According to Economics Minister Robert Habeck, Germany has a chance of “getting through the winter well” despite the lack of Russian gas. A chance – the Green politician repeated the word to journalists in Lubmin on Monday. Because a lot has to be saved in Germany for this, and you need “a bit of luck with the weather”. But still: According to his own statement, he would not have said it like that a few months ago.
To ensure that this opportunity also exists for the following winter, the federal government is relying, among other things, on the import of liquefied natural gas (LNG). LNG is also to land in Lubmin and replace Russian natural gas, which arrived there a few weeks ago via the Nord Stream 1 Baltic Sea pipeline. On Monday, Habeck and Mecklenburg-Western Pomerania’s Prime Minister Manuela Schwesig (SPD) met in Lubmin to discuss, among other things, the LNG plans.
A floating terminal chartered by the federal government is to be fixed about 30 to 40 kilometers off Lubmin in the Baltic Sea and receive LNG from tankers. A pipeline that is yet to be built will take the gas to Lubmin, from where it will be distributed via other pipelines. In the second half of next year, the annual capacity for around five billion cubic meters of natural gas should be available.

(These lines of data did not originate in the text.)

lemma Picard_transform_pointwise:
  assumes q2: "q2 = PVI_rhs 0 0 0 (1/2) (t_of_s s) q q1"
    and g1: "g1 * tt_of_s' s = qt_dq s q * (q1 * t_of_s' s) + qt_ds s q"
    and g2: "g2 * tt_of_s' s ^ 2 + g1 * tt_of_s'' s
      = qt_dqq s q * (q1 * t_of_s' s)^2 + 2 * qt_dqs s q * (q1 * t_of_s' s) + qt_dss s q
        + qt_dq s q * (q2 * t_of_s' s ^ 2 + q1 * t_of_s'' s)"
  shows "g2 = PVI_rhs 0 0 0 (1/2) (tt_of_s s) (qt_of s q) g1"
proof -
  have t'_ne: "t_of_s' s \<noteq> 0" by (simp add: t_of_s'_def nz)
  have "q2 * t_of_s' s ^ 2 + q1 * t_of_s'' s
      = Picard_A2 (t_of_s s) q * (q1 * t_of_s' s)^2
        + (Picard_A1 (t_of_s s) q * t_of_s' s + t_of_s'' s / t_of_s' s) * (q1 * t_of_s' s)
        + Picard_A0 (t_of_s s) q * t_of_s' s ^ 2"
    using quadratic_ode_reparametrize[OF t'_ne refl refl] q2 regular
    by (simp add: PVI_rhs_Picard PVI_regular_def)
  then have "g2 * tt_of_s' s ^ 2 + g1 * tt_of_s'' s
      = Picard_A2 (tt_of_s s) (qt_of s q) * (g1 * tt_of_s' s)^2
        + (Picard_A1 (tt_of_s s) (qt_of s q) * tt_of_s' s + tt_of_s'' s / tt_of_s' s) * (g1 * tt_of_s' s)
        + Picard_A0 (tt_of_s s) (qt_of s q) * tt_of_s' s ^ 2"
    unfolding g1 g2
    by (rule quadratic_ode_point_transform[OF Picard_transform_coeff2 Picard_transform_coeff1 Picard_transform_coeff0])
  then show ?thesis
    using quadratic_ode_reparametrize[OF tt'_ne refl refl] regular_tt
    by (simp add: PVI_rhs_Picard PVI_regular_def)
qed

end

definition Picard_transform_domain :: "complex set \<Rightarrow> (complex \<Rightarrow> complex) \<Rightarrow> complex set" where
  "Picard_transform_domain U q =
     {s. 2 * s + 1 \<noteq> 0 \<and> t_of_s s \<in> U \<and> (2 * s + 1) * q (t_of_s s) + s^2 \<noteq> 0 \<and> tt_of_s' s \<noteq> 0 \<and>
         PVI_regular (tt_of_s s) (qt_of s (q (t_of_s s)))}"

lemma open_Picard_transform_domain:
  assumes "open U" "q holomorphic_on U"
  shows "open (Picard_transform_domain U q)"
proof -
  define A where "A = {s::complex. 2 * s + 1 \<noteq> 0}"
  define W0 where "W0 = A \<inter> t_of_s -` U"
  define W1 where "W1 = {s \<in> W0. (2 * s + 1) * q (t_of_s s) + s^2 \<noteq> 0}"
  have t: "continuous_on A t_of_s"
    unfolding A_def t_of_s_def[abs_def] by (intro continuous_intros) auto
  have A: "open A" unfolding A_def by (intro open_Collect_neq continuous_intros)
  have W0: "open W0" unfolding W0_def using t A assms(1) by (rule continuous_open_preimage)
  have x: "continuous_on W0 (\<lambda>s. q (t_of_s s))"
    by (rule continuous_on_compose2[OF holomorphic_on_imp_continuous_on[OF assms(2)]
          continuous_on_subset[OF t]]) (auto simp: W0_def)
  have W1: "open W1"
    unfolding W1_def using W0 by (rule continuous_on_open_Collect_neq) (intro continuous_intros x)
  have x1: "continuous_on W1 (\<lambda>s. q (t_of_s s))" by (rule continuous_on_subset[OF x]) (auto simp: W1_def)
  have nz: "2 * s + 1 \<noteq> 0" "(2 * s + 1) * q (t_of_s s) + s^2 \<noteq> 0" if "s \<in> W1" for s
    using that by (auto simp: W1_def W0_def A_def)
  let ?f = "\<lambda>s. tt_of_s' s * tt_of_s s * (tt_of_s s - 1) * qt_of s (q (t_of_s s))
      * (qt_of s (q (t_of_s s)) - 1) * (qt_of s (q (t_of_s s)) - tt_of_s s)"
  have "continuous_on W1 ?f"
    unfolding tt_of_s_def tt_of_s'_def qt_of_def
    by (intro continuous_intros x1) (simp_all add: nz)
  with W1 have "open {s \<in> W1. ?f s \<noteq> 0}" by (rule continuous_on_open_Collect_neq)
  also have "{s \<in> W1. ?f s \<noteq> 0} = Picard_transform_domain U q"
    unfolding Picard_transform_domain_def W1_def W0_def A_def PVI_regular_def by auto
  finally show ?thesis .
qed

Habeck: After the winter, the stores are empty
At the press event, Habeck and Schwesig also drove past the construction site of a project that was already well advanced. The company Deutsche Regas wants to land LNG here as early as this December. Excavators deepened the harbor basin for the floating terminal on Monday. In addition, according to Habeck, LNG terminals in Wilhelmshaven and Brunsbüttel are looking good for a start at the turn of the year.
Habeck said the gas storage tank was nearing the 90 percent mark and the price had fallen in recent weeks despite the lack of Russian deliveries. In winter, the gas should be made available from the storage facilities. “But that also means that the storage tanks will be empty again at the end of winter, in this case really empty because we will be using the gas.” Then you have to save again quickly. That is why the planned LNG landing in Lubmin is important.
Lubmin is particularly suitable as a meeting point for several gas pipelines, as Schwesig said. This infrastructure would not exist without the Nord Stream 1 pipeline and the Nord Stream 2 pipeline, which never went into operation. She again defended herself for supporting Nord Stream 2 in the past. It was about cheap energy for all of Germany. MV is not to blame for the fact that no energy requirement calculation was made in the past or that other parts of the country were not better connected.
Schwesig: Can no longer rely on Russia
Schwesig said there was no longer a relationship of trust with Russia. “Russia is at war in Europe”. You can no longer rely on such a partner. Lower Saxony’s Prime Minister Stephan Weil had previously said that in his view gas would never flow from Russia to Germany through Nord Stream 2. Habeck also said he saw “no foreseeable scenario where Nord Stream 2 would play a role in energy security in Germany”. If it were put into operation, a strategic dependency on Russia’s President Vladimir Putin would be continued.
A demonstrator with a Russian flag, who was standing on a pier in Lubmin at the moment when Habeck and Schwesig drove past the deck of a pleasure boat as part of the appointment, showed that not everyone is so critical of Russia.
The federal government also has no plans to gain control of the pipeline in order to use it for the LNG terminal, said Habeck. Theoretically, one could have saved the laying of another pipeline through the Greifswalder Bodden – a protected area. The construction of this line and the outstanding permits also makes the desired schedule ambitious. According to standards that normally apply, they work here at “the speed of light,” said Habeck.
Schwesig emphasized that the expansion of the infrastructure is taking place on two tracks. So it should later be used for the more climate-friendly energy carrier hydrogen. In the future, Germany must rely entirely on renewable energies. “Because one thing is very clear: no matter where fossil fuels come from, we are dependent on fossil fuels, always dependent, because we don’t have them ourselves.”